lemma clear_corner_inj:
  fixes M1 :: "'a::field mat"
  assumes M: "M1 \<in> carrier_mat l m" "M2 \<in> carrier_mat l m" and l: "0 < l"
    and e: "clear_corner M1 = clear_corner M2" and c: "M1 $$ (0,0) = M2 $$ (0,0)"
  shows "M1 = M2"
proof -
  have other: "M1 $$ (i,k) = M2 $$ (i,k)" if "i < l" "0 < k" "k < m" for i k
    using clear_corner_index_other[OF M(1) that] clear_corner_index_other[OF M(2) that] e by simp
  then have row0: "(0 < j \<and> j < m \<and> M1 $$ (0,j) \<noteq> 0) = (0 < j \<and> j < m \<and> M2 $$ (0,j) \<noteq> 0)" for j
    using l by auto
  show ?thesis
  proof (cases "\<exists>j. 0 < j \<and> j < m \<and> M1 $$ (0,j) \<noteq> 0")
    case True
    define J where "J = row0_pivot M1"
    have J: "0 < J" "J < m" using row0_pivot[of M1] True M(1) unfolding J_def by auto
    have J2: "row0_pivot M2 = J" unfolding J_def row0_pivot_def using row0 M by simp
    define a where "a = - (M1 $$ (0,0) / M1 $$ (0,J))"
    have piv2: "\<exists>j. 0 < j \<and> j < dim_col M2 \<and> M2 $$ (0,j) \<noteq> 0" using True row0 M by auto
    have e1: "clear_corner M1 = addcol a 0 J M1"
      using True M(1) unfolding clear_corner_def a_def J_def by simp
    have e2: "clear_corner M2 = addcol a 0 J M2"
      using piv2 J2 other[OF l J] c unfolding clear_corner_def a_def by simp
    have "M1 = addcol (- a) 0 J (clear_corner M1)" using e1 addcol_neg_addcol[of J M1 0 a] J M(1) by simp
    also have "\<dots> = addcol (- a) 0 J (clear_corner M2)" using e by simp
    also have "\<dots> = M2" using e2 addcol_neg_addcol[of J M2 0 a] J M(2) by simp
    finally show ?thesis .
  next
    case False
    have z1: "M1 $$ (0,j) = 0" and z2: "M2 $$ (0,j) = 0" if "0 < j" "j < m" for j
      using False row0[of j] that by auto
    have no_pivot: "clear_corner M1 $$ (i,k) = M1 $$ (i,k)" "clear_corner M2 $$ (i,k) = M2 $$ (i,k)"
      if "i < l" "k < m" "(i,k) \<noteq> (0,0)" for i k
      using clear_corner_index_no_pivot[OF M(1) z1 that] clear_corner_index_no_pivot[OF M(2) z2 that] by auto
    show ?thesis
    proof (rule eq_matI)
      fix i k assume "i < dim_row M2" "k < dim_col M2"
      then have ik: "i < l" "k < m" using M by auto
      show "M1 $$ (i,k) = M2 $$ (i,k)"
        using c no_pivot[OF ik] e by (cases "(i,k) = (0,0)") auto
    qed (use M in auto)
  qed
qed

text \<open>Rows 1, ..., t (counting from 0) of the witness are -e_1 + e_t, e_1, ..., e_(t-1), or just -e_1
  if t = 1: they span a t-dimensional space avoiding e_0, so a nonzero corner entry c raises the rank
  from t to t + 1. Off the corner the only nonzero diagonal entry is the -1 at (1,1), so that
  tau_r = c - 1 in every characteristic.\<close>

definition witness_mat :: "nat \<Rightarrow> nat \<Rightarrow> nat \<Rightarrow> 'a::field \<Rightarrow> 'a mat" where
  "witness_mat t l m c = mat l m (\<lambda>(i,j).
     if i = 0 then (if j = 0 then c else 0)
     else if i = 1 \<and> j = 1 then -1
     else if 2 \<le> i \<and> i \<le> t \<and> j = i - 1 then 1
     else if i = 1 \<and> j = t \<and> 2 \<le> t then 1 else 0)"

lemma witness_mat_dims [simp]:
  "dim_row (witness_mat t l m c) = l" "dim_col (witness_mat t l m c) = m"
  unfolding witness_mat_def by simp_all

lemma witness_mat_carrier [simp]: "witness_mat t l m c \<in> carrier_mat l m"
  by (rule carrier_matI) simp_all

lemma mrank_witness_mat_le:
  assumes t: "1 \<le> t" "t < l"
  shows "mrank (witness_mat t l m (0::'a::field)) \<le> t"
proof -
  let ?W = "witness_mat t l m (0::'a)"
  define U :: "'a mat" where "U = mat l t (\<lambda>(i,a). if i = a + 1 then 1 else 0)"
  define V :: "'a mat" where "V = mat t m (\<lambda>(a,j). ?W $$ (a + 1, j))"
  have U: "U \<in> carrier_mat l t" and V: "V \<in> carrier_mat t m" unfolding U_def V_def by auto
  have "?W = U * V"
  proof (rule eq_matI)
    fix i j assume "i < dim_row (U * V)" and "j < dim_col (U * V)"
    then have ij: "i < l" "j < m" using U V by auto
    have "(U * V) $$ (i,j) = (\<Sum>a<t. (if i = a + 1 then 1 else 0) * ?W $$ (a + 1, j))"
      using U V ij by (auto simp: U_def V_def scalar_prod_def atLeast0LessThan intro!: sum.cong)
    also have "\<dots> = (\<Sum>a<t. if a = i - 1 then (if 1 \<le> i then ?W $$ (i,j) else 0) else 0)"
      by (rule sum.cong) auto
    also have "\<dots> = ?W $$ (i,j)"
      using ij t by (cases "1 \<le> i \<and> i \<le> t") (auto simp: witness_mat_def)
    finally show "?W $$ (i,j) = (U * V) $$ (i,j)" ..
  qed (use U V in auto)
  then show ?thesis using mrank_le_factor[OF witness_mat_carrier U V] by simp
qed

lemma mrank_take_cols_le:
  fixes A :: "'a::field mat"
  assumes A: "A \<in> carrier_mat n m" and k: "k \<le> m"
  shows "mrank (mat n k (\<lambda>(i,j). A $$ (i,j))) \<le> mrank A"
proof -
  define S :: "'a mat" where "S = mat m k (\<lambda>(a,b). if a = b then 1 else 0)"
  have S: "S \<in> carrier_mat m k" unfolding S_def by simp
  have "mat n k (\<lambda>(i,j). A $$ (i,j)) = A * S"
  proof (rule eq_matI)
    fix i j assume "i < dim_row (A * S)" and "j < dim_col (A * S)"
    then have ij: "i < n" "j < k" using A S by auto
    have "(A * S) $$ (i,j) = (\<Sum>a<m. A $$ (i,a) * (if a = j then 1 else 0))"
      using A S ij by (auto simp: S_def scalar_prod_def atLeast0LessThan intro!: sum.cong)
    also have "\<dots> = (\<Sum>a<m. if a = j then A $$ (i,j) else 0)" by (rule sum.cong) auto
    finally show "mat n k (\<lambda>(i,j). A $$ (i,j)) $$ (i,j) = (A * S) $$ (i,j)" using ij k by simp
  qed (use A S in auto)
  then show ?thesis using mrank_mult_left[OF A S] by simp
qed

lemma witness_mat_mult_vec_index:
  fixes c :: "'a::field"
  assumes t: "1 \<le> t" "t < l" "l \<le> m" and i: "i \<le> t"
  shows "(\<Sum>k<t + 1. witness_mat t l m c $$ (i,k) * v $ k)
    = (if i = 0 then c * v $ 0 else if i = 1 then - v $ 1 + (if 2 \<le> t then v $ t else 0) else v $ (i - 1))"
proof -
  have "(\<Sum>k<t + 1. witness_mat t l m c $$ (i,k) * v $ k)
      = (\<Sum>k<t + 1. (if k = 0 then (if i = 0 then c * v $ 0 else 0) else 0)
          + (if k = 1 then (if i = 1 then - v $ 1 else 0) else 0)
          + (if k = t then (if i = 1 \<and> 2 \<le> t then v $ t else 0) else 0)
          + (if k = i - 1 then (if 2 \<le> i then v $ (i - 1) else 0) else 0))"
    by (rule sum.cong) (use t i in \<open>auto simp: witness_mat_def\<close>)
  also have "\<dots> = (if i = 0 then c * v $ 0 else 0) + (if i = 1 then - v $ 1 else 0)
      + (if i = 1 \<and> 2 \<le> t then v $ t else 0) + (if 2 \<le> i then v $ (i - 1) else 0)"
    using t i by (simp only: sum.distrib sum.delta finite_lessThan lessThan_iff) auto
  finally show ?thesis by auto
qed

lemma mrank_witness_mat_ge:
  fixes c :: "'a::field"
  assumes t: "1 \<le> t" "t < l" "l \<le> m" and c: "c \<noteq> 0"
  shows "t + 1 \<le> mrank (witness_mat t l m c)"
proof -
  define X :: "'a mat" where "X = mat l (t + 1) (\<lambda>(i,j). witness_mat t l m c $$ (i,j))"
  have X: "X \<in> carrier_mat l (t + 1)" unfolding X_def by simp
  have "mrank X = t + 1"
  proof (rule mrank_eq_if_trivial_kernel[OF X])
    fix v assume v: "v \<in> carrier_vec (t + 1)" and Xv: "X *\<^sub>v v = 0\<^sub>v l"
    have row: "(if i = 0 then c * v $ 0 else if i = 1 then - v $ 1 + (if 2 \<le> t then v $ t else 0)
        else v $ (i - 1)) = 0" if "i \<le> t" for i
    proof -
      have "(if i = 0 then c * v $ 0 else if i = 1 then - v $ 1 + (if 2 \<le> t then v $ t else 0)
          else v $ (i - 1)) = (\<Sum>k<t + 1. witness_mat t l m c $$ (i,k) * v $ k)"
        by (rule witness_mat_mult_vec_index[OF t that, symmetric])
      also have "\<dots> = (X *\<^sub>v v) $ i"
        using X v that t by (auto simp: X_def scalar_prod_def atLeast0LessThan intro!: sum.cong)
      also have "\<dots> = 0" using Xv that t by simp
      finally show ?thesis .
    qed
    have v0: "v $ 0 = 0" using row[of 0] c by simp
    have vmid: "v $ j = 0" if "1 \<le> j" "j < t" for j using row[of "j + 1"] that by simp
    have vt: "v $ t = 0"
    proof (cases "2 \<le> t")
      case True
      then show ?thesis using row[of 1] vmid[of 1] by simp
    next
      case False
      then have "t = 1" using t by simp
      then show ?thesis using row[of 1] by simp
    qed
    show "v = 0\<^sub>v (t + 1)"
    proof (rule eq_vecI)
      fix j assume "j < dim_vec (0\<^sub>v (t + 1) :: 'a vec)"
      then show "v $ j = 0\<^sub>v (t + 1) $ j" using v0 vmid[of j] vt by (cases "j = 0"; cases "j = t") auto
    qed (use v in simp)
  qed
  moreover have "mrank X \<le> mrank (witness_mat t l m c)"
    unfolding X_def using t by (intro mrank_take_cols_le[OF witness_mat_carrier]) simp
  ultimately show ?thesis by simp
qed

lemma tau_Suc: "tau (Suc r) M = M $$ (0,0) + (\<Sum>i\<in>{1..<Suc r}. M $$ (i,i))"
  unfolding tau_def by (simp add: lessThan_atLeast0 sum.atLeast_Suc_lessThan)

lemma tau_1: "tau 1 M = M $$ (0,0)"
  unfolding tau_def by simp

lemma tau_zero_mat: "r \<le> l \<Longrightarrow> r \<le> m \<Longrightarrow> tau r (0\<^sub>m l m) = (0::'a::field)"
  unfolding tau_def by (intro sum.neutral) auto

lemma tau_clear_corner:
  fixes M :: "'a::field mat"
  assumes M: "M \<in> carrier_mat l m" and r: "1 \<le> r" "r \<le> l" "r \<le> m"
  shows "tau r (clear_corner M) = tau r M - M $$ (0,0)"
proof -
  obtain r' where r': "r = Suc r'" using r by (cases r) auto
  have "(\<Sum>i\<in>{1..<r}. clear_corner M $$ (i,i)) = (\<Sum>i\<in>{1..<r}. M $$ (i,i))"
    by (rule sum.cong) (use clear_corner_index_other[OF M] r in auto)
  then show ?thesis using clear_corner_corner[OF M] r unfolding r' tau_Suc by simp
qed

lemma tau_witness_mat:
  assumes "2 \<le> r" "r \<le> l" "l \<le> m"
  shows "tau r (witness_mat t l m c) = c - (1::'a::field)"
proof -
  obtain r' where r': "r = Suc (Suc r')" using assms by (metis add_2_eq_Suc le_Suc_ex)
  have "(\<Sum>i\<in>{1..<r}. witness_mat t l m c $$ (i,i)) = (\<Sum>i\<in>{1..<r}. if i = 1 then -1 else 0)"
    by (rule sum.cong) (use assms in \<open>auto simp: witness_mat_def\<close>)
  also have "\<dots> = -1" using assms by simp
  finally show ?thesis using assms unfolding r' tau_Suc by (simp add: witness_mat_def)
qed

text \<open>The only candidate preimage is the witness with corner entry 1, whose rank exceeds t.\<close>

lemma clear_corner_ne_witness_mat:
  fixes M :: "'a::field mat"
  assumes t: "1 \<le> t" "t < l" "l \<le> m" and r: "2 \<le> r" "r \<le> l"
    and M: "M \<in> carrier_mat l m" "mrank M \<le> t" "tau r M = 0"
  shows "clear_corner M \<noteq> witness_mat t l m 0"
proof
  assume W: "clear_corner M = witness_mat t l m 0"
  have row0: "M $$ (0,j) = 0" if "0 < j" "j < m" for j
  proof -
    have "M $$ (0,j) = clear_corner M $$ (0,j)" using clear_corner_index_other[OF M(1) _ that] t by simp
    also have "\<dots> = 0" using W that t by (simp add: witness_mat_def)
    finally show ?thesis .
  qed
  have "tau r (witness_mat t l m (0::'a)) = - M $$ (0,0)"
    using tau_clear_corner[OF M(1)] M(3) W r t by simp
  then have corner: "M $$ (0,0) = 1" using tau_witness_mat[OF r t(3), of t "0::'a"] by simp
  have "M = witness_mat t l m 1"
  proof (rule eq_matI)
    fix i k assume "i < dim_row (witness_mat t l m (1::'a))" "k < dim_col (witness_mat t l m (1::'a))"
    then have ik: "i < l" "k < m" by auto
    show "M $$ (i,k) = witness_mat t l m 1 $$ (i,k)"
    proof (cases "(i,k) = (0,0)")
      case True
      then show ?thesis using corner ik by (simp add: witness_mat_def)
    next
      case False
      then have "M $$ (i,k) = witness_mat t l m 0 $$ (i,k)"
        using clear_corner_index_no_pivot[OF M(1) row0 ik] W by simp
      then show ?thesis using False ik by (auto simp: witness_mat_def)
    qed
  qed (use M in auto)
  then show False using mrank_witness_mat_ge[OF t, of "1::'a"] M(2) by simp
qed

lemma witness_mat_mem_tau_nonzero:
  assumes t: "1 \<le> t" "t < l" "l \<le> m" and r: "2 \<le> r" "r \<le> l"
  shows "witness_mat t l m (0::'a::field) \<in> tau_nonzero t l m r - tau_nonzero t l m 1"
proof -
  let ?W = "witness_mat t l m (0::'a)"
  have "tau r ?W = -1" using tau_witness_mat[OF r t(3), of t "0::'a"] by simp
  moreover have "tau 1 ?W = 0" using t unfolding tau_1 by (simp add: witness_mat_def)
  moreover have "?W \<noteq> 0\<^sub>m l m" using tau_zero_mat[of r l m, where 'a='a] calculation(1) r t by auto
  then have "1 \<le> mrank ?W" using mrank_pos_iff[OF witness_mat_carrier] by blast
  ultimately show ?thesis using mrank_witness_mat_le[OF t(1,2)] unfolding tau_nonzero_def by simp
qed

lemma card_lt_card_if_inj_on_diff:
  assumes fin: "finite A" "finite B" and inj: "inj_on f (A - B)" and img: "f ` (A - B) \<subseteq> B - A"
    and w: "w \<in> B - A" "w \<notin> f ` (A - B)"
  shows "card A < card B"
proof -
  have "card (A - B) = card (f ` (A - B))" using card_image[OF inj] by simp
  also have "\<dots> \<le> card (B - A - {w})" using img w fin by (intro card_mono) auto
  also have "\<dots> < card (B - A)" using w fin by (intro card_Diff1_less) auto
  finally have "card (A - B) < card (B - A)" .
  then show ?thesis using card_Int_Diff[OF fin(1), of B] card_Int_Diff[OF fin(2), of A]
    by (simp add: Int_commute)
qed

#### ASSIGNMENT
Your job is to print exactly the lines that run from the top of the entries through the line with "using clear_corner_index_other[OF M(1) that]", and no others.

#### WRITTEN REPLY
lemma clear_corner_inj:
  fixes M1 :: "'a::field mat"
  assumes M: "M1 \<in> carrier_mat l m" "M2 \<in> carrier_mat l m" and l: "0 < l"
    and e: "clear_corner M1 = clear_corner M2" and c: "M1 $$ (0,0) = M2 $$ (0,0)"
  shows "M1 = M2"
proof -
  have other: "M1 $$ (i,k) = M2 $$ (i,k)" if "i < l" "0 < k" "k < m" for i k
    using clear_corner_index_other[OF M(1) that] clear_corner_index_other[OF M(2) that] e by simp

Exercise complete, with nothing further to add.